What Is Product-Led Growth? Strategy and Examples

Article by:
Maria Arinkina
14 min
If you're running a business, then you know that getting and keeping customers is essential to your success. But what if there's a way to not only attract new customers but also keep them coming back for more? Read on to learn what product-led growth is and how to use it to power your business.

How can a tech product survive in the market of ever-growing competition? Refocusing your business strategy and putting customer experience and the product's value and quality first can result in a pivotal twist for the better, especially for early-stage startups and growth-stage businesses.

In this case, the product is the main focus and sales driver, and all your business activity revolves around it. The product's quality speaks for itself, making users want to return for more.

But how do you achieve such a transformation successfully? This article will cover everything you need to know about product-led growth (PLG).

What Is Product-Led Growth?

Traditionally, businesses have followed marketing-led or sales-led models, emphasizing these strategies as the primary force for acquiring customers and selling the product. But what's the deal with product-led growth? 

What does product-led growth mean?

The product-led growth definition implies a go-to-market strategy that revolves around reshaping the business to make the delivered product your major growth driver. By highlighting a personalized and flawless user experience and catering to user needs, the product becomes a "self-selling" asset.

In turn, this influences vital product performance metrics like acquisition, activation, conversion, retention, referral, and many others. The PLG methodology doesn't exclude the need for marketing and sales activities, but it has a slightly different focus: building a truly valuable product for clients that's worth buying. It's your traction engine and prime mover.

How Does PLG Work?

Let's put it this way. Imagine you're selling farm cheese on the market. You can go on boasting about how tasty the cheese is, demonstrating mouthwatering photos, and listing which awesome ingredients it's made of. But having potential buyers taste a small sample piece instead can be worth a thousand words.

This tactic allows buyers to experience the product first-hand and make their own conclusions about it. If you think about it, this approach has been around for centuries around the globe, and it definitely makes sense with digital products, especially SaaS solutions.

Common product-led growth sales process

Another core PLG idea is to shorten the sales cycle. You introduce potential users to the product with a hook to try it and let them explore it on their own. Then it's up to the product to "show and tell" the rest.

As we said, the customer-centric approach emphasizes the product's value and user experience. When these two points become a top priority, you'll build a standalone product that can present itself. This gives your users a chance to discover its value without additional convincing.

But how exactly do you get users to test-run the tech product? Many companies offer free trials or other hands-on onboarding experiences that allow users to check out the product without needing to make a commitment and pay up first. This version of the subscription-based model (the shift to which is among the biggest global trends in business) allows clients to discover the product's advantages by themselves or the "self-service" way.

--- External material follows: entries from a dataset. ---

(* Consider the average-cost MDP described in the context, and let $\pi^\star(s)=\arg\min_{a\in\mathcal{A}(s)}Q(s,a)$ be the age-optimal policy. Fix $j\in\mathcal{I}$ and two states $s^1=\{(b_i^1,A_i^1,g_i^1,h_i^1)\}_{i\in\mathcal{I}}$ and $s^2=\{(b_i^2,A_i^2,g_i^2,h_i^2)\}_{i\in\mathcal{I}}$ such that (i) $A_j^2\ge A_j^1$, (ii) $A_i^2=A_i^1$ for all $i\neq j$, and (iii) $b_i^1=b_i^2$, $g_i^1=g_i^2$, $h_i^1=h_i^2$ for all $i\in\mathcal{I}$. If $\pi^\star(s^1)=T_j$, then $\pi^\star(s^2)=T_j$.
   Context: There are $N$ source nodes indexed by $\mathcal{I}=\{1,\dots,N\}$ and one destination. Time is slotted. The state of source $i$ is $s_i=(b_i,A_i,g_i,h_i)$, where $b_i\in\{0,1,\dots,b_{\max,i}\}$ is the discrete battery level (in energy quanta of $B_{\max,i}/b_{\max,i}$ joules), $A_i\in\{1,\dots,A_{\max,i}\}$ is the AoI of process $i$ at the destination, and $g_i,h_i$ are downlink/uplink channel power gains taking finitely many ordered values; the system state is $s=\{s_i\}_{i\in\mathcal{I}}$. Channel gains are i.i.d. over slots and independent of everything else, with pmfs $\mathbb{P}(g_i),\mathbb{P}(h_i)$. Actions $\mathcal{A}=\{H,T_1,\dots,T_N\}$ ($H$: energy transfer by destination; $T_i$: source $i$ transmits an update). Let $e_i^{\rm H}=\lfloor \frac{b_{\max,i}}{B_{\max,i}}\eta P g_i\rfloor$ and $e_i^{\rm T}=\lceil \frac{b_{\max,i}}{B_{\max,i}}\frac{\sigma^2}{h_i}(2^{\bar S}-1)\rceil$ with positive constants $\eta,P,\sigma^2,\bar S$; $T_i$ is feasible only if $b_i\ge e_i^{\rm T}$, and $\mathcal{A}(s)$ is the feasible action set. Transitions: $b_i'=b_i-e_i^{\rm T}$ if $a=T_i$, $b_i'=\min\{b_{\max,i},b_i+e_i^{\rm H}\}$ if $a=H$, else $b_i'=b_i$; $A_i'=1$ if $a=T_i$, else $A_i'=\min\{A_{\max,i},A_i+1\}$; $g_i',h_i'$ fresh draws; so $\mathbb{P}(s'\mid s,a)=\prod_i\mathbb{1}(b_i')\mathbb{1}(A_i')\mathbb{P}(g_i')\mathbb{P}(h_i')$. Cost per slot $\sum_i\theta_iA_i$, $\theta_i\ge0$, $\sum_i\theta_i=1$. $V$ and $\bar A^\star$ satisfy the Bellman equation $\bar A^\star+V(s)=\min_{a\in\mathcal{A}(s)}Q(s,a)$ with $Q(s,a)=\sum_i\theta_iA_i+\sum_{s'}\mathbb{P}(s'\mid s,a)V(s')$. *)

theory Defs
  imports "HOL-Probability.Probability_Mass_Function" "HOL-Library.FuncSet"
begin

text \<open>State of the system: battery levels b, AoI values A, downlink gains g, uplink gains h,
  each as a function of the source index (extensional on the source set {1..N}).\<close>
type_synonym state = "(nat \<Rightarrow> nat) \<times> (nat \<Rightarrow> nat) \<times> (nat \<Rightarrow> real) \<times> (nat \<Rightarrow> real)"

datatype action = Harvest | Transmit nat

record aoi_sys =
  nsrc   :: nat
  bmax   :: "nat \<Rightarrow> nat"
  Bmax   :: "nat \<Rightarrow> real"
  Amax   :: "nat \<Rightarrow> nat"
  eta    :: real
  Ptx    :: real
  sigma2 :: real
  Sbar   :: real
  pg     :: "nat \<Rightarrow> real pmf"
  ph     :: "nat \<Rightarrow> real pmf"
  theta  :: "nat \<Rightarrow> real"

definition srcs :: "aoi_sys \<Rightarrow> nat set" where
  "srcs M = {1..nsrc M}"

definition eH :: "aoi_sys \<Rightarrow> nat \<Rightarrow> real \<Rightarrow> nat" where
  "eH M i g = nat \<lfloor>real (bmax M i) / Bmax M i * eta M * Ptx M * g\<rfloor>"

definition eT :: "aoi_sys \<Rightarrow> nat \<Rightarrow> real \<Rightarrow> nat" where
  "eT M i h = nat \<lceil>real (bmax M i) / Bmax M i * (sigma2 M / h) * (2 powr Sbar M - 1)\<rceil>"

definition valid_sys :: "aoi_sys \<Rightarrow> bool" where
  "valid_sys M \<longleftrightarrow>
     eta M > 0 \<and> Ptx M > 0 \<and> sigma2 M > 0 \<and> Sbar M > 0 \<and>
     (\<forall>i\<in>srcs M. Bmax M i > 0 \<and> bmax M i > 0 \<and> Amax M i \<ge> 1 \<and>
        finite (set_pmf (pg M i)) \<and> finite (set_pmf (ph M i)) \<and>
        set_pmf (pg M i) \<subseteq> {0..} \<and> set_pmf (ph M i) \<subseteq> {0<..} \<and>
        theta M i \<ge> 0) \<and>
     (\<Sum>i\<in>srcs M. theta M i) = 1"

definition states :: "aoi_sys \<Rightarrow> state set" where
  "states M = {(b, A, g, h).
      b \<in> (\<Pi>\<^sub>E i\<in>srcs M. {0..bmax M i}) \<and>
      A \<in> (\<Pi>\<^sub>E i\<in>srcs M. {1..Amax M i}) \<and>
      g \<in> (\<Pi>\<^sub>E i\<in>srcs M. set_pmf (pg M i)) \<and>
      h \<in> (\<Pi>\<^sub>E i\<in>srcs M. set_pmf (ph M i))}"

definition feasible :: "aoi_sys \<Rightarrow> state \<Rightarrow> action set" where
  "feasible M s = (case s of (b, A, g, h) \<Rightarrow>
      {Harvest} \<union> {Transmit i | i. i \<in> srcs M \<and> eT M i (h i) \<le> b i})"

definition next_batt :: "aoi_sys \<Rightarrow> state \<Rightarrow> action \<Rightarrow> nat \<Rightarrow> nat" where
  "next_batt M s a = (case s of (b, A, g, h) \<Rightarrow>
     restrict (\<lambda>i. case a of
                 Transmit j \<Rightarrow> if i = j then b i - eT M i (h i) else b i
               | Harvest \<Rightarrow> min (bmax M i) (b i + eH M i (g i))) (srcs M))"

On your end, you get to convert active users into paying customers who are likely to return to you and recommend the product.

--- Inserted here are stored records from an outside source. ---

(* Let $g\ge 2$, $q=2g+1$, and let $\tau_g$ and $\tau_g^{\mathrm{CS}}$ be the period matrices of $C_{q,1}$ with respect to the symplectic bases $\{A_i,B_i\}$ and $\{a_i,b_i\}$ respectively. Then $\tau_g$ is invertible and $$\tau_g^{\mathrm{CS}}=-\tau_g^{-1}+I_g.$$
   Context: $C_{q,1}$ is the compact Riemann surface of $y^q=x(1-x)$ (genus $g$); $\zeta=\exp(2\pi\sqrt{-1}/q)$, $\sigma(x,y)=(x,\zeta y)$, $I_0(t)=(t,\sqrt[q]{t(1-t)})$, $c_j$ the class of $I_0\cdot(\sigma^j\circ I_0)^{-1}$. In coordinates $z=4^{1/q}y$, $w=-\sqrt{-1}(2x-1)$ (so $w^2=z^q-1$), $\gamma_k(t)=(\zeta^k 2t,\sqrt{-1}\sqrt{1-(2t)^q})$ for $0\le t\le 1/2$ and $(\zeta^k(2-2t),-\sqrt{-1}\sqrt{1-(2-2t)^q})$ for $1/2\le t\le 1$; $A_i=\gamma_{2i-1}\cdot\gamma_{2i}^{-1}$, $B_i=\gamma_{2i-1}\cdot\gamma_{2i-2}^{-1}\cdots\gamma_1\cdot\gamma_0^{-1}$; $a_i=\sum_{k=1}^{2i-1}(-1)^{k-1}c_k$, $b_i=\sum_{k=1}^{2i-2}(-1)^{k-1}c_k+c_{2i}$. The period matrix w.r.t. a symplectic basis $\{\alpha_i,\beta_i\}$ is $\Omega_\alpha^{-1}\Omega_\beta$ with $\Omega_\alpha=(\int_{\alpha_j}\omega_i)$, $\Omega_\beta=(\int_{\beta_j}\omega_i)$ for a basis $\omega_1,\dots,\omega_g$ of holomorphic 1-forms. *)

theory Defs
  imports "HOL-Analysis.Analysis" "Jordan_Normal_Form.Gauss_Jordan_Elimination"
begin

text \<open>Points of the affine part of the curve are represented by their coordinates,
as elements of complex x complex. A path is a map real => complex x complex on [0,1].\<close>

definition zeta :: "nat \<Rightarrow> complex" where
  "zeta q = exp (2 * pi * \<i> / of_nat q)"

text \<open>Coordinate change (x,y) |-> (z,w) = (4^(1/q) y, -i(2x-1)), so that w^2 = z^q - 1.\<close>
definition to_zw :: "nat \<Rightarrow> complex \<times> complex \<Rightarrow> complex \<times> complex" where
  "to_zw q p = (of_real (root q 4) * snd p, - \<i> * (2 * fst p - 1))"

definition sigma :: "nat \<Rightarrow> complex \<times> complex \<Rightarrow> complex \<times> complex" where
  "sigma q p = (fst p, zeta q * snd p)"

definition I0 :: "nat \<Rightarrow> real \<Rightarrow> complex \<times> complex" where
  "I0 q t = (of_real t, of_real (root q (t * (1 - t))))"

text \<open>gamma_k in (z,w) coordinates.\<close>
definition gam :: "nat \<Rightarrow> nat \<Rightarrow> real \<Rightarrow> complex \<times> complex" where
  "gam q k t = (if t \<le> 1/2
     then (zeta q ^ k * of_real (2 * t), \<i> * of_real (sqrt (1 - (2 * t) ^ q)))
     else (zeta q ^ k * of_real (2 - 2 * t), - \<i> * of_real (sqrt (1 - (2 - 2 * t) ^ q))))"

text \<open>Holomorphic differential omega_i = z^i dz / w (i = 0..g-1), a basis of the
holomorphic 1-forms on the compact curve w^2 = z^q - 1, q = 2g+1.
Its integral along a path gamma (given in (z,w) coordinates) is
integral_0^1 (z^i / w)(gamma t) * (z o gamma)'(t) dt.\<close>
definition omega_int :: "nat \<Rightarrow> (real \<Rightarrow> complex \<times> complex) \<Rightarrow> complex" where
  "omega_int i \<gamma> = integral {0..1}
     (\<lambda>t. (fst (\<gamma> t)) ^ i / snd (\<gamma> t) * vector_derivative (\<lambda>s. fst (\<gamma> s)) (at t within {0..1}))"

text \<open>Integral over a 1-chain: a list of (integer coefficient, path).
Integrals over loop products are sums of integrals over the factors,
with the inverse path contributing with sign -1.\<close>
definition chain_int :: "nat \<Rightarrow> (int \<times> (real \<Rightarrow> complex \<times> complex)) list \<Rightarrow> complex" where
  "chain_int i cs = (\<Sum>(n, \<gamma>) \<leftarrow> cs. of_int n * omega_int i \<gamma>)"

definition cycA :: "nat \<Rightarrow> nat \<Rightarrow> (int \<times> (real \<Rightarrow> complex \<times> complex)) list" where
  "cycA q i = [(1, gam q (2*i - 1)), (-1, gam q (2*i))]"

text \<open>B_i = gamma_{2i-1} . gamma_{2i-2}^{-1} ... gamma_1 . gamma_0^{-1}\<close>
definition cycB :: "nat \<Rightarrow> nat \<Rightarrow> (int \<times> (real \<Rightarrow> complex \<times> complex)) list" where
  "cycB q i = map (\<lambda>k. ((-1) ^ (2*i - 1 - k), gam q k)) (rev [0..<2*i])"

Benefits of Product-Led Growth

Of course, switching to or adopting the PLG methodology is not a simple undertaking for a business. Nonetheless, the effort really pays off as there are numerous product-led growth strategy advantages. Let's go over the main ones.

6 Advantages of Product-led Growth

Improve Conversions and Shorten the Sales Cycle

With the product-led growth approach, you get qualified leads and active users. They experience the product by interacting with it instead of talking to a sales representative. And such "silent encouragement" often leads users to buy the product since they understand its value. This is one of the reasons why the word "freemium" is among the popular startup lingo.

Even if they've only had access to the "freemium" plan, these prospects are easier to convert (and this generally happens faster). Why? Because people are likelier to pay you when they've had a first-hand experience with the product and discovered its strengths.

Consequently, the customer acquisition cost goes down, and CAC is among the most vital metrics as it shows how much you're spending to get a paying customer. Therefore, by allowing a user to "feel" your product, they can make up their mind faster, thus shortening their conversion path and costing you less. So you're likely to save invested money on sales, marketing campaigns, and other acquisition costs, freeing up your budget to spend on other business-essential things.

Boosting Product Growth and Simpler Scaling

By shifting to PLG, you invest in improving your offering. Hence, the better your product is, the more chances you'll have to scale it and your business. Add-ons, new features, and other perks appeal to clients and make the product itself contribute to your business growth. This includes the entire path from acquiring customers and engaging users to retaining clients and further product or startup scaling.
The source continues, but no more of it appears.